Могенс отогнал эту мысль и зашагал дальше. Он нарочно не задавался вопросом, что он станет делать, если ему и впрямь удастся настигнуть бестию. У него с собой не было ничего, что можно было бы использовать в качестве оружия, не говоря уж о том, что и сама мысль напасть на монстра была смешна. И все-таки он продолжал идти и даже ускорил шаг, время от времени останавливаясь, чтобы прислушаться. Слышно ничего не было, но он, как прежде, чуял, что жуткое существо где-то впереди, и не так уж далеко. Его бросило в холодную дрожь, когда он представил себе, что и оно временами останавливается, чтобы вперить во тьму свои горящие злобой глаза и убедиться, что расстояние между ними не слишком велико и Могенс не потерял след. И все-таки он шел дальше. Он уже не был уверен, что сможет вернуться назад, даже если захочет. Он чувствовал себя человеком, который легкомысленно взялся за штурм все набирающей крутизну вершины и никак не может остановиться.

Сейчас укрытая теменью и стужей — каждая из которых на свой лад действовала Могенсу на нервы — дорога казалась ему намного длиннее, чем в тот день, когда они проезжали здесь с Томом. Он потерял счет времени, но ему казалось, что уже многие часы он марширует вдоль стены. Но если здраво рассудить, он и впрямь прошел уже с полмили, если не больше. Никогда он не думал, что кладбище так велико, слишком велико для городка, которому принадлежало!

Могенс остановился, услышав какой-то шорох.
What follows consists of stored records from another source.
lemma exists_step_out:
  assumes "a \<in> X" "c \<notin> X" "a < c"
  shows "\<exists>i. a \<le> i \<and> i < c \<and> i \<in> X \<and> Suc i \<notin> X"
  using assms
proof (induction c)
  case (Suc c)
  then show ?case
  proof (cases "c \<in> X")
    case True
    then show ?thesis
      using Suc.prems by (intro exI[of _ c]) auto
  next
    case False
    then show ?thesis
      using Suc by (auto simp: less_Suc_eq)
  qed
qed simp

lemma card_cycle_boundary_non_interval:
  assumes X: "X \<subseteq> {..<n}" "X \<noteq> {}" "0 \<notin> X" and gap: "X \<noteq> {Min X..Max X}"
  shows "3 \<le> card (cycle_boundary n X)"
proof -
  define a b where "a = Min X" and "b = Max X"
  have "finite X"
    using X(1) finite_subset by blast
  then have a: "a \<in> X" "\<And>x. x \<in> X \<Longrightarrow> a \<le> x" and b: "b \<in> X" "\<And>x. x \<in> X \<Longrightarrow> x \<le> b"
    using X(2) unfolding a_def b_def by auto
  have "1 \<le> a" "b < n"
    using a b X by (auto simp: Suc_le_eq gr0I)
  obtain c where c: "c \<notin> X" "a < c" "c < b"
    using gap a b unfolding a_def[symmetric] b_def[symmetric] by (force simp: order.order_iff_strict)
  obtain i where i: "a \<le> i" "i < c" "i \<in> X" "Suc i \<notin> X"
    using exists_step_out[OF a(1) c(1,2)] by blast
  have "a - 1 \<notin> X"
    using a(2) \<open>1 \<le> a\<close> by fastforce
  moreover have "(b + 1) mod n \<notin> X"
    using b(2)[of "Suc b"] X(3) \<open>b < n\<close> by (auto simp: Suc_mod_if)
  ultimately have "{a - 1, b, i} \<subseteq> cycle_boundary n X"
    using a(1) b(1) i c \<open>1 \<le> a\<close> \<open>b < n\<close> unfolding cycle_boundary_def by auto
  moreover have "card {a - 1, b, i} = 3"
    using i c \<open>1 \<le> a\<close> by (simp add: card_insert_if) linarith
  ultimately show ?thesis
    by (metis card_mono finite_cycle_boundary)
qed

definition shadows :: "(nat \<times> nat) set \<Rightarrow> (nat \<times> nat) set \<Rightarrow> bool" where
  "shadows S' S \<longleftrightarrow>
     (\<forall>e\<in>S. (\<exists>v. (fst e, v) \<in> S' \<and> snd e \<le> v) \<and> (\<exists>u. (u, snd e) \<in> S' \<and> u \<le> fst e))"

lemma link_boundary_interval_shadows:
  assumes "shadows S' S" and "\<forall>e\<in>S. fst e < snd e" and "link_boundary S {a..b} \<noteq> {}"
  shows "link_boundary S' {a..b} \<noteq> {}"
proof -
  obtain e where e: "e \<in> S" "(fst e \<in> {a..b}) \<noteq> (snd e \<in> {a..b})"
    using assms(3) unfolding link_boundary_def by blast
  obtain v u where "(fst e, v) \<in> S'" "snd e \<le> v" "(u, snd e) \<in> S'" "u \<le> fst e"
    using assms(1) e(1) unfolding shadows_def by blast
  moreover have "fst e < snd e"
    using assms(2) e(1) by blast
  ultimately show ?thesis
    using e(2) unfolding link_boundary_def by (cases "fst e \<in> {a..b}") force+
qed

lemma cut_size_shadows:
  assumes X: "X \<subseteq> {..<n}" "X \<noteq> {}" "0 \<notin> X"
    and "finite S'" "shadows S' S" "\<forall>e\<in>S. fst e < snd e" "3 \<le> cut_size n S X"
  shows "3 \<le> cut_size n S' X"
proof (cases "X = {Min X..Max X}")
  case True
  define a b where "a = Min X" and "b = Max X"
  have "finite X"
    using X(1) finite_subset by blast
  then have "a \<in> X" "b \<in> X" "a \<le> b"
    using X(2) unfolding a_def b_def by auto
  then have ab: "1 \<le> a" "a \<le> b" "b < n"
    using X by (auto simp: Suc_le_eq gr0I)
  have "cycle_boundary n X = {a - 1, b}"
    using True cycle_boundary_interval[OF ab] unfolding a_def b_def by simp
  then have "card (cycle_boundary n X) = 2"
    using ab by simp
  then have "link_boundary S X \<noteq> {}"
    using assms(7) by (auto simp: cut_size_eq)
  then have "link_boundary S' X \<noteq> {}"
    using link_boundary_interval_shadows[OF assms(5,6)] True by metis
  moreover have "finite (link_boundary S' X)"
    using assms(4) unfolding link_boundary_def by simp
  ultimately show ?thesis
    using \<open>card (cycle_boundary n X) = 2\<close> by (simp add: cut_size_eq card_gt_0_iff Suc_le_eq)
next
  case False
  then show ?thesis
    using card_cycle_boundary_non_interval[OF X] by (simp add: cut_size_eq)
qed

lemma three_edge_connected_shadows:
  assumes S: "three_edge_connected n S" "\<forall>e\<in>S. fst e < snd e"
    and S': "finite S'" "\<forall>e\<in>S'. fst e < n \<and> snd e < n" "shadows S' S"
  shows "three_edge_connected n S'"
  unfolding three_edge_connected_def
proof (intro allI impI)
  fix X assume X: "X \<subseteq> {..<n} \<and> X \<noteq> {} \<and> X \<noteq> {..<n}"
  show "3 \<le> cut_size n S' X"
  proof (cases "0 \<in> X")
    case False
    then show ?thesis
      using X S cut_size_shadows[OF _ _ _ S'(1,3)] unfolding three_edge_connected_def by blast
  next
    case True
    define Y where "Y = {..<n} - X"
    have Y: "Y \<subseteq> {..<n}" "Y \<noteq> {}" "0 \<notin> Y" "Y \<noteq> {..<n}"
      using X True unfolding Y_def by auto
    then have "3 \<le> cut_size n S' Y"
      using S cut_size_shadows[OF _ _ _ S'(1,3)] unfolding three_edge_connected_def by blast
    moreover have "cut_size n S' Y = cut_size n S' X"
      unfolding Y_def using X True by (intro cut_size_complement S'(2)) auto
    ultimately show ?thesis
      by simp
  qed
qed

section \<open>Weight classes\<close>

definition weight_class :: "real \<Rightarrow> nat \<Rightarrow> nat" where
  "weight_class \<rho> w = (if w = 0 then 0 else Suc (LEAST j. real w \<le> \<rho> ^ j))"

definition class_bound :: "real \<Rightarrow> nat \<Rightarrow> real" where
  "class_bound \<rho> j = (if j = 0 then 0 else \<rho> ^ (j - 1))"

definition num_classes :: "real \<Rightarrow> nat \<Rightarrow> nat" where
  "num_classes \<rho> W = nat \<lceil>ln (real W) / ln \<rho>\<rceil> + 2"

lemma class_bound_nonneg: "1 < \<rho> \<Longrightarrow> 0 \<le> class_bound \<rho> j"
  unfolding class_bound_def by simp

lemma weight_class_bounds:
  assumes "1 < \<rho>"
  shows "real w \<le> class_bound \<rho> (weight_class \<rho> w)"
    and "class_bound \<rho> (weight_class \<rho> w) \<le> \<rho> * real w"
proof -
  define j where "j = (LEAST j. real w \<le> \<rho> ^ j)"
  obtain j0 where "real w \<le> \<rho> ^ j0"
    using real_arch_pow[OF assms] by (meson less_imp_le)
  then have "real w \<le> \<rho> ^ j"
    unfolding j_def by (rule LeastI)
  moreover have "\<rho> ^ j \<le> \<rho> * real w" if "w \<noteq> 0"
  proof (cases j)
    case 0
    then show ?thesis
      using assms that mult_mono[of 1 \<rho> 1 "real w"] by simp
  next
    case (Suc i)
    then have "\<not> real w \<le> \<rho> ^ i"
      using not_less_Least[of i "\<lambda>j. real w \<le> \<rho> ^ j"] unfolding j_def by simp
    then show ?thesis
      using Suc assms by simp
  qed
  ultimately show "real w \<le> class_bound \<rho> (weight_class \<rho> w)"
    and "class_bound \<rho> (weight_class \<rho> w) \<le> \<rho> * real w"
    unfolding weight_class_def class_bound_def j_def by auto
qed

lemma weight_class_less_num_classes:
  assumes "1 < \<rho>" "w \<le> W"
  shows "weight_class \<rho> w < num_classes \<rho> W"
proof (cases "w = 0")
  case False
  define j where "j = nat \<lceil>ln (real W) / ln \<rho>\<rceil>"
  have "ln (real W) / ln \<rho> \<le> real j"
    unfolding j_def by linarith
  then have "ln (real W) \<le> real j * ln \<rho>"
    using assms(1) by (simp add: divide_le_eq)
  then have "real W \<le> \<rho> ^ j"
    using assms False by (simp add: ln_realpow[symmetric] ln_le_cancel_iff)
  then have "real w \<le> \<rho> ^ j"
    using assms(2) by (meson of_nat_le_iff order_trans)
  then have "(LEAST j. real w \<le> \<rho> ^ j) \<le> j"
    by (rule Least_le)
  then show ?thesis
    unfolding weight_class_def num_classes_def j_def using False by simp
qed (simp add: weight_class_def num_classes_def)

section \<open>The sketch\<close>

text \<open>Cell \<open>(0, u, j)\<close> holds \<open>1 + v\<close> for the largest \<open>v\<close> such that a link \<open>(u, v)\<close> of class
  \<open>j\<close> has arrived, and cell \<open>(1, v, j)\<close> holds \<open>n - u\<close> for the smallest such \<open>u\<close>; the value 0
  means that no such link has arrived. Values are capped at \<open>n\<close> and cells outside
  \<open>sketch_cells\<close> are undefined, so the sketches form the finite set of functions from
  \<open>sketch_cells n L\<close> to \<open>{..n}\<close>.\<close>

type_synonym table = "nat \<times> nat \<times> nat \<Rightarrow> nat"

definition sketch_cells :: "nat \<Rightarrow> nat \<Rightarrow> (nat \<times> nat \<times> nat) set" where
  "sketch_cells n L = {0, 1} \<times> {..<n} \<times> {..<L}"

definition sketch_init :: "nat \<Rightarrow> nat \<Rightarrow> table" where
  "sketch_init n L = restrict (\<lambda>_. 0) (sketch_cells n L)"

definition sketch_update :: "nat \<Rightarrow> nat \<Rightarrow> real \<Rightarrow> table \<Rightarrow> nat \<times> nat \<times> nat \<Rightarrow> table" where
  "sketch_update n L \<rho> T x = (case x of (u, v, wt) \<Rightarrow> restrict (\<lambda>(t, i, j).
     if t = 0 \<and> i = u \<and> j = weight_class \<rho> wt then max (T (t, i, j)) (min n (Suc v))
     else if t = 1 \<and> i = v \<and> j = weight_class \<rho> wt then max (T (t, i, j)) (n - u)
     else T (t, i, j)) (sketch_cells n L))"

definition sketch :: "nat \<Rightarrow> nat \<Rightarrow> real \<Rightarrow> (nat \<times> nat \<Rightarrow> nat) \<Rightarrow> (nat \<times> nat) list \<Rightarrow> table" where
  "sketch n L \<rho> w xs = fold (\<lambda>e T. sketch_update n L \<rho> T (fst e, snd e, w e)) xs (sketch_init n L)"

definition valid_stream :: "nat \<Rightarrow> nat \<Rightarrow> real \<Rightarrow> (nat \<times> nat \<Rightarrow> nat) \<Rightarrow> (nat \<times> nat) list \<Rightarrow> bool" where
  "valid_stream n L \<rho> w xs \<longleftrightarrow> (\<forall>(u, v)\<in>set xs. u < v \<and> v < n \<and> weight_class \<rho> (w (u, v)) < L)"

definition stored_links :: "nat \<Rightarrow> nat \<Rightarrow> table \<Rightarrow> ((nat \<times> nat) \<times> nat) set" where
  "stored_links n L T =
     {((i, T (0, i, j) - 1), j) | i j. i < n \<and> j < L \<and> 0 < T (0, i, j)}
   \<union> {((n - T (1, i, j), i), j) | i j. i < n \<and> j < L \<and> 0 < T (1, i, j)}"

lemma sketch_update_apply:
  assumes "(t, i, j) \<in> sketch_cells n L"
  shows "sketch_update n L \<rho> T (u, v, wt) (t, i, j) =
    (if t = 0 \<and> i = u \<and> j = weight_class \<rho> wt then max (T (t, i, j)) (min n (Suc v))
     else if t = 1 \<and> i = v \<and> j = weight_class \<rho> wt then max (T (t, i, j)) (n - u)
     else T (t, i, j))"
  using assms unfolding sketch_update_def by simp

lemma sketch_Nil: "sketch n L \<rho> w [] = sketch_init n L"
  unfolding sketch_def by simp

lemma sketch_snoc: "sketch n L \<rho> w (xs @ [x]) = sketch_update n L \<rho> (sketch n L \<rho> w xs) (fst x, snd x, w x)"
  unfolding sketch_def by simp

lemma sketch_init_in_space: "sketch_init n L \<in> PiE (sketch_cells n L) (\<lambda>_. {..n})"
  unfolding sketch_init_def by (intro restrict_PiE_iff[THEN iffD2]) simp

lemma sketch_update_in_space:
  assumes "T \<in> PiE (sketch_cells n L) (\<lambda>_. {..n})"
  shows "sketch_update n L \<rho> T x \<in> PiE (sketch_cells n L) (\<lambda>_. {..n})"
proof -
  have "\<forall>p\<in>sketch_cells n L. T p \<le> n"
    using assms by auto
  then show ?thesis
    unfolding sketch_update_def by (auto simp: restrict_PiE_iff split: prod.splits)
qed

lemma card_sketch_space: "card (PiE (sketch_cells n L) (\<lambda>_. {..n})) = (n + 1) ^ (2 * n * L)"
proof -
  have "finite (sketch_cells n L)" "card (sketch_cells n L) = 2 * n * L"
    unfolding sketch_cells_def by (simp_all add: card_cartesian_product)
  then show ?thesis
    by (simp add: card_PiE)
qed

lemma valid_stream_of_links:
  assumes "\<forall>e\<in>set xs. is_link n e" "\<forall>e\<in>set xs. w e \<le> W" "1 < \<rho>"
  shows "valid_stream n (num_classes \<rho> W) \<rho> w xs"
  using assms weight_class_less_num_classes unfolding valid_stream_def is_link_def by fastforce

lemma stored_links_update:
  assumes "u < v" "v < n"
  shows "stored_links n L (sketch_update n L \<rho> T (u, v, wt))
           \<subseteq> insert ((u, v), weight_class \<rho> wt) (stored_links n L T)"
  using assms unfolding stored_links_def by (auto simp: sketch_update_apply sketch_cells_def max_def)

lemma stored_links_sketch:
  assumes "valid_stream n L \<rho> w xs"
  shows "stored_links n L (sketch n L \<rho> w xs) \<subseteq> (\<lambda>e. (e, weight_class \<rho> (w e))) ` set xs"
  using assms
proof (induction xs rule: rev_induct)
  case Nil
  then show ?case
    by (simp add: sketch_Nil sketch_init_def stored_links_def sketch_cells_def)
next
  case (snoc x xs)
  obtain u v where x: "x = (u, v)"
    by fastforce
  have "u < v" "v < n" "valid_stream n L \<rho> w xs"
    using snoc.prems unfolding valid_stream_def x by auto
  then show ?case
    using stored_links_update[of u v n L \<rho> _ "w (u, v)"] snoc.IH unfolding x sketch_snoc by force
qed

lemma sketch_records:
  assumes "valid_stream n L \<rho> w xs" "(u, v) \<in> set xs"
  defines "T \<equiv> sketch n L \<rho> w xs" and "c \<equiv> weight_class \<rho> (w (u, v))"
  shows "Suc v \<le> T (0, u, c) \<and> n - u \<le> T (1, v, c)"
  using assms(1,2) unfolding T_def
proof (induction xs rule: rev_induct)
  case (snoc x xs)
  obtain u' v' where x: "x = (u', v')"
    by fastforce
  have valid: "u < v" "v < n" "c < L" "valid_stream n L \<rho> w xs"
    using snoc.prems unfolding valid_stream_def c_def by auto
  have grows: "sketch n L \<rho> w xs (t, i, j) \<le> sketch n L \<rho> w (xs @ [x]) (t, i, j)"
    if "(t, i, j) \<in> sketch_cells n L" for t i j
    using that unfolding sketch_snoc by (simp add: sketch_update_apply)
  show ?case
  proof (cases "(u, v) \<in> set xs")
    case True
    then show ?thesis
      using snoc.IH valid grows[of 0 u c] grows[of 1 v c] by (force simp: sketch_cells_def)
  next
    case False
    then have "x = (u, v)"
      using snoc.prems by simp
    then show ?thesis
      using valid unfolding sketch_snoc c_def by (simp add: sketch_update_apply sketch_cells_def)
  qed
qed simp
(* Let $q$ be a prime power and let $n\ge 3$ be an odd integer. Let $f(x)$ be an irreducible monic polynomial of degree $n$ over $\mathbb{F}_{q^2}$. The following are equivalent: (1) $f(x)$ is self-conjugate-reciprocal; (2) $\mathrm{ord}(f(x))\in D_n$; (3) $f(x)=f_\beta(x):=\prod_{i=0}^{n-1}(x-\beta^{q^{2i}})$ for some primitive $d$-th root of unity $\beta$ with $d\in D_n$.
   Context: $D_n$ denotes the set of all positive divisors of $q^n+1$ that do not divide $q^k+1$ for any integer $0\le k<n$. For $f(x)\in\mathbb{F}_{q^2}[x]$ of degree $m$ with $f(0)\neq0$, the reciprocal is $f^*(x)=x^m f(0)^{-1}f(1/x)$, the conjugate of $g(x)=\sum g_ix^i$ is $\overline{g(x)}=\sum g_i^q x^i$, and the conjugate-reciprocal is $f^\dagger(x)=\overline{f^*(x)}$; $f$ is self-conjugate-reciprocal if $f=f^\dagger$. The order $\mathrm{ord}(f(x))$ is the smallest positive integer $s$ such that $f(x)$ divides $x^s-1$. *)

theory Defs
  imports "HOL-Computational_Algebra.Computational_Algebra"
begin

definition Dset :: "nat \<Rightarrow> nat \<Rightarrow> nat set" where
  "Dset q n = {d. d > 0 \<and> d dvd q ^ n + 1 \<and> (\<forall>k<n. \<not> d dvd q ^ k + 1)}"

definition prime_power :: "nat \<Rightarrow> bool" where
  "prime_power q \<longleftrightarrow> (\<exists>p k. prime p \<and> k > 0 \<and> q = p ^ k)"

text \<open>Reciprocal f^*(x) = x^m f(0)^{-1} f(1/x) (for f(0) nonzero).\<close>
definition recip_poly :: "'a::field poly \<Rightarrow> 'a poly" where
  "recip_poly f = smult (inverse (coeff f 0)) (reflect_poly f)"

definition conj_poly :: "nat \<Rightarrow> 'a::field poly \<Rightarrow> 'a poly" where
  "conj_poly q g = map_poly (\<lambda>c. c ^ q) g"

definition conj_recip :: "nat \<Rightarrow> 'a::field poly \<Rightarrow> 'a poly" where
  "conj_recip q f = conj_poly q (recip_poly f)"

definition self_conj_recip :: "nat \<Rightarrow> 'a::field poly \<Rightarrow> bool" where
  "self_conj_recip q f \<longleftrightarrow> f = conj_recip q f"

definition poly_ord :: "'a::field poly \<Rightarrow> nat" where
  "poly_ord f = (LEAST s. s > 0 \<and> f dvd (monom 1 s - 1))"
Это не было рыком бестии, нет, какой-то другой звук, который он не мог определить, но который задевал в нем какую-то струну и беспокоил. Со всем вниманием, на какое только был способен, он вгляделся во тьму. Узкая асфальтированная дорога перед ним круто поднималась на склон и переходила в едва ли более широкую главную. Где-то на середине этого отрезка она резко виляла, и Могенс заново ощутил то нехорошее чувство, которое подступило к горлу именно на этом месте, когда он ехал сюда. Не сразу он осознал, что не одно лишь это воспоминание покрыло его лоб испариной. Это, кроме всего прочего, было то самое место, о котором говорил Грейвс. Место, где «форд» потерпел аварию.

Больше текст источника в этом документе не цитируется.